For reference, here are some guides to assist you with routing your internet traffic in sys-whonix:

I hope this helps.

Thank you for these sources! I really needed these

Problem btw NOT solved, still need to protect my hardware as I am too poor to replace it this time if found and attacked again

If scrolling up one would see the original question before the troll came and went off topic with misogynistic victim blaming

Apologies for the “thread drift”, and perhaps not helpful to @Lace , but I am wondering: Since he said he is using a hardware VPN should that already be sufficient to hide his IP address, even from home?

Do I understand correctly that an attacker would either need inside access to the VPN logs (which VPS services usually claim not to keep), or else need to hack the hardware VPN to identify his IP address?

A Hardware VPN with (updated) open source firmware installed, would be much more difficult to hack than a PC, if I am not mistaken?

Correct, I am worried he might target the main VPN provider. I trust the main one I will be using which is the hardware based VPN, but it is a small business operation and I am unsure how hardened their servers are and will stand up to an attack by him.
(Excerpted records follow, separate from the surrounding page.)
lemma id_in_tildeG: "(\<lambda>x\<in>K. x) \<in> T"
proof -
  have "restrict (\<lambda>x\<in>K. x) k1 = (\<lambda>x\<in>k1. x)" using k1_K by (auto simp: fun_eq_iff)
  then have "\<mu> (\<iota> (restrict (\<lambda>x\<in>K. x) k1)) \<tau> = \<tau> [^]\<^bsub>H\<^esub> (1::nat)"
    using \<iota>_id \<mu>_one[OF \<tau>_H] monoid.nat_pow_eone[OF group.is_monoid[OF group_H] \<tau>_H] by simp
  moreover have "(\<lambda>x\<in>K. x) \<zeta> = \<zeta> ^ 1" using \<zeta>_K by simp
  ultimately show ?thesis
    using gal_aut_id[OF subfield_K k_K] unfolding tildeG_def by blast
qed

lemma gal_aut_K_eqI:
  assumes "f \<in> gal_aut K k" "g \<in> gal_aut K k" "\<And>x. x \<in> k1 \<Longrightarrow> f x = g x" "f \<zeta> = g \<zeta>"
  shows "f = g"
proof (rule gal_aut_eqI[OF assms(1,2)])
  fix x assume x: "x \<in> K"
  note hom = gal_aut_field_hom_on[OF _ subfield_C_1[OF subfield_K]]
  show "f x = g x"
    by (rule field_hom_on_gen_field_eqI[OF hom[OF assms(1)] hom[OF assms(2)] _ x])
       (use assms(3,4) in auto)
qed

lemma finite_tildeG: "finite T"
proof -
  let ?f = "\<lambda>g. (restrict g k1, g \<zeta>)"
  have inj: "inj_on ?f T"
  proof (rule inj_onI)
    fix f g assume "f \<in> T" "g \<in> T" "?f f = ?f g"
    then show "f = g"
      using tildeG_gal_aut by (intro gal_aut_K_eqI) (auto simp: fun_eq_iff restrict_def split: if_splits)
  qed
  have "?f ` T \<subseteq> gal_aut k1 k \<times> (\<lambda>j. \<zeta> ^ j) ` {..<ord_\<tau>}"
  proof
    fix p assume "p \<in> ?f ` T"
    then obtain g n where g: "g \<in> T" "p = ?f g" "g \<zeta> = \<zeta> ^ n"
      unfolding tildeG_def by blast
    have "ord_\<tau> > 0" using group.ord_ge_1[OF group_H finite_H \<tau>_H] by simp
    then show "p \<in> gal_aut k1 k \<times> (\<lambda>j. \<zeta> ^ j) ` {..<ord_\<tau>}"
      using g gal_aut_K_restrict tildeG_gal_aut \<zeta>_pow_mod[of n] by auto
  qed
  then have "finite (?f ` T)" by (rule finite_subset) (simp add: finite_gal_aut_k1)
  then show ?thesis using inj by (rule finite_imageD)
qed

lemma tildeG_faithful_on_k1:
  assumes h: "h \<in> T" and fixes_k1: "\<And>x. x \<in> k1 \<Longrightarrow> h x = x"
  shows "h = (\<lambda>x\<in>K. x)"
proof -
  obtain n where n: "h \<zeta> = \<zeta> ^ n" "\<mu> (\<iota> (restrict h k1)) \<tau> = \<tau> [^]\<^bsub>H\<^esub> n"
    and hG: "h \<in> gal_aut K k" using h unfolding tildeG_def by auto
  have "restrict h k1 = (\<lambda>x\<in>k1. x)" using fixes_k1 by (auto simp: fun_eq_iff)
  then have "\<tau> [^]\<^bsub>H\<^esub> (1::int) = \<tau> [^]\<^bsub>H\<^esub> int n"
    using n(2) \<iota>_id \<mu>_one[OF \<tau>_H] group.int_pow_1[OF group_H \<tau>_H] by (simp add: int_pow_int)
  then have "int ord_\<tau> dvd int n - 1" using group.int_pow_eq[OF group_H \<tau>_H] by blast
  then have "n mod ord_\<tau> = 1 mod ord_\<tau>"
    by (metis mod_eq_dvd_iff of_nat_1 of_nat_eq_iff of_nat_mod)
  then have "h \<zeta> = (\<lambda>x\<in>K. x) \<zeta>" using n(1) \<zeta>_pow_mod[of n] \<zeta>_pow_mod[of 1] \<zeta>_K by simp
  then show ?thesis
    using fixes_k1 k1_K by (intro gal_aut_K_eqI[OF hG gal_aut_id[OF subfield_K k_K]]) auto
qed

lemma finite_aut_group_tildeG: "finite_aut_group K T"
  using subfield_K finite_tildeG tildeG_gal_aut gal_aut_antimono[of "{}" k K] id_in_tildeG
    tildeG_compose by unfold_locales blast+

end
He was bold enough to attack the servers of the Credit Union I bank at for an entire week, which is why I am now concerned about the strength of the VPN provider.

Aside from that, I do wonder if there is any way he might send packets to trace my connection to then target my LAN home network to make it leak my IP Address somehow, but I am unclear about this scenario as he would have to still know the IP Address before hand right? Like there is no way even with a poisoned connection upon logging into my Google that he could force a compromise without first knowing the address right???
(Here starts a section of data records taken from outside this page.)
end

section \<open>Galois flags\<close>

locale galois_flag =
  fixes q n r :: nat and t :: "nat \<Rightarrow> nat" and \<alpha> :: "'a::{finite,field}"
  assumes prime_power: "prime_power q"
    and card_UNIV: "card (UNIV :: 'a set) = q ^ n"
    and primitive: "primitive_elem \<alpha>"
    and r_pos: "r \<ge> 1"
    and t_dvd_n: "\<forall>i\<in>{1..r}. t i dvd n"
    and t_dvd_Suc: "\<forall>i\<in>{1..<r}. t i dvd t (Suc i)"
begin

abbreviation cofactor :: "nat \<Rightarrow> nat" where
  "cofactor i \<equiv> (q ^ n - 1) div (q ^ t i - 1)"

lemma n_pos: "n > 0"
  using card_UNIV_field_gt_1[where 'a='a] card_UNIV by (cases n) auto

lemma q_gt_1: "q > 1"
proof (rule ccontr)
  assume "\<not> q > 1"
  then have "q ^ n \<le> 1" using power_le_one[of q n] by simp
  then show False using card_UNIV_field_gt_1[where 'a='a] card_UNIV by simp
qed

lemma t_pos: "\<forall>i\<in>{1..r}. t i > 0"
proof
  fix i assume "i \<in> {1..r}"
  then have "t i dvd n" using t_dvd_n by blast
  then show "t i > 0" using n_pos by (cases "t i") auto
qed

lemma is_subfield_power: "is_subfield (subfield_pow (q ^ m) :: 'a set)"
proof -
  obtain p e where p: "prime p" and q: "q = p ^ e"
    using prime_power unfolding prime_power_def by blast
  have "CHAR('a) = p"
    using CHAR_eq_of_card[OF p, of "e * n"] card_UNIV by (simp add: q power_mult)
  then show ?thesis
    using p by (intro is_subfield_subfield_pow[of _ "e * m"]) (simp_all add: q power_mult)
qed

context
  fixes m :: nat
  assumes m_dvd: "m dvd n"
begin

lemma subfield_power_conditions: "q ^ m - 1 dvd card (UNIV :: 'a set) - 1" "q ^ m > 1"
proof -
  show "q ^ m - 1 dvd card (UNIV :: 'a set) - 1"
    using power_minus_one_dvd[OF m_dvd] card_UNIV by simp
  have "m > 0" using m_dvd n_pos by (cases m) auto
  then show "q ^ m > 1" by (rule one_less_power[OF q_gt_1])
qed

lemma card_subfield_power: "card (subfield_pow (q ^ m) :: 'a set) = q ^ m"
  by (rule card_subfield_pow[OF primitive subfield_power_conditions])

lemma primitive_pow_in_subfield_power_iff:
  "\<alpha> ^ k \<in> subfield_pow (q ^ m) \<longleftrightarrow> (q ^ n - 1) div (q ^ m - 1) dvd k"
  using primitive_pow_in_subfield_pow_iff[OF primitive subfield_power_conditions] card_UNIV by simp

end

lemma subfield_flag_mono:
  assumes "1 \<le> i" "i \<le> j" "j \<le> r"
  shows "subfield_pow (q ^ t i) \<subseteq> (subfield_pow (q ^ t j) :: 'a set)"
  using subfield_pow_mono dvd_chain_trans[OF t_dvd_Suc assms] by blast

lemma lcm_cofactor_chain:
  assumes "1 \<le> i" "i \<le> j" "j \<le> r"
  shows "lcm l (cofactor j) dvd lcm l (cofactor i)"
proof -
  have "\<alpha> ^ cofactor i \<in> subfield_pow (q ^ t i)"
    using primitive_pow_in_subfield_power_iff t_dvd_n assms by simp
  then have "\<alpha> ^ cofactor i \<in> subfield_pow (q ^ t j)"
    using subfield_flag_mono[OF assms] by blast
  then have "cofactor j dvd cofactor i"
    using primitive_pow_in_subfield_power_iff t_dvd_n assms by simp
  then show ?thesis by (meson dvd_lcm1 dvd_lcm2 dvd_trans lcm_least)
qed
I was unaware of this, I hope it is true it would give me more peace of mind.

Thank you

BTW FYI I plan on doubling up VPNs, maybe triple. So either a software OS wide VPN + the hardware VPN on my LAN; or a VPN on the browser within a qube, plus a SPN on my OS, and the hardware VPN. I haven’t purchased the SPN yet so I am still deliberating on this as it would be more money taken from the loan I am rebuilding with (on owed funds back).

Sorry but that sounds rather naive.

For one thing, I have made FOIA to the US about my own files (not related to surveillance), and got completely jerked around: We don’t have it, try making a new request at dept. “A”, then when I did a new FOIA request to “A”: we don’t have it, try making a new request to dept. “B”, the US gov. has a lot of depts…
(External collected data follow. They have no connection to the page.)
theorem theorem7:
  fixes r :: real and f :: "vec2 \<Rightarrow> vec2" and m :: nat
    and g :: "nat \<Rightarrow> vec2" and c :: "nat \<Rightarrow> real" and psi :: vec2 and s :: real
  assumes "r > 0"
    and "C2c (ball 0 r) (\<lambda>x. f x $ 1)" and "C2c (ball 0 r) (\<lambda>x. f x $ 2)"
    and "inj_on g {1..m}"
    and "\<forall>i\<in>{1..m}. norm (g i) = 1"
    and "\<forall>i\<in>{1..m}. c i \<noteq> 0"
    and "norm psi = 1"
    and "psi \<notin> sing_dirs1 m g \<union> sing_dirs2 m c g"
  shows "\<exists>D. ((\<lambda>t. radonV (star_transform m c g f) psi t) has_vector_derivative D) (at s)
            \<and> Qmat m c g psi *v D = radonV f psi s"
proof -
  have f_C2c: "C2c (ball 0 r) (\<lambda>x. f x $ k)" for k
    using assms(2,3) exhaust_2[of k] by auto
  have transversal: "psi \<bullet> g i \<noteq> 0" if "i \<in> {1..m}" for i
    using assms(7,8) that by (auto simp: sing_dirs1_def)
  have "gamma_psi m c g psi \<noteq> 0"
    using assms(7,8) by (auto simp: sing_dirs2_def)
  show ?thesis
  proof (intro exI conjI)
    show "((\<lambda>t. radonV (star_transform m c g f) psi t) has_vector_derivative
        frame_matrix (gamma_psi m c g psi) *v radonV f psi s) (at s)"
      using f_C2c C2_continuous C2c_vanishing[OF f_C2c] assms(7) transversal
      by (intro radonV_star_transform_has_derivative[where r = r]) (auto simp: C2c_def)
    show "Qmat m c g psi *v (frame_matrix (gamma_psi m c g psi) *v radonV f psi s) = radonV f psi s"
      unfolding Qmat_def frame_matrix_def[symmetric]
      by (rule matrix_inv_frame_matrix_mult_vec) fact
  qed
qed

end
I spoke to a lawyer who told me that as a non-US citizen I do not have any actual rights under FOIA.

Accurate, only US Citizens have Rights to request a FOIA on themselves

Famous overseas activists have gotten around this btw by using a US based NonProfit (fyi) where the NonProfit files on their behalf

IMG_28241179×1802 371 KB

9 days later after I mentioned this on this forum, and nearly a month after using my mom’s ChromeBook infected laptop at Panera in sheer desperation to get an order of a new ISP service to authenticate for acceptance, R.I.P. Panera the only one listening is the adversary … apparently.

FYI, what happened to Panera is EXACTLY what happened to me (everything was hit, my phone my LAN my MacBook EVERYTHING), but at this point I no longer care if everyone finds out for themselves the hard way so to understand that this is not a made up story. It is a very REAL nightmare, everything from SIM to SIP to PBX to DSL to fiber to cable to UNIX to SSH etc — he has those exploits and a bag full of Google Zero Days.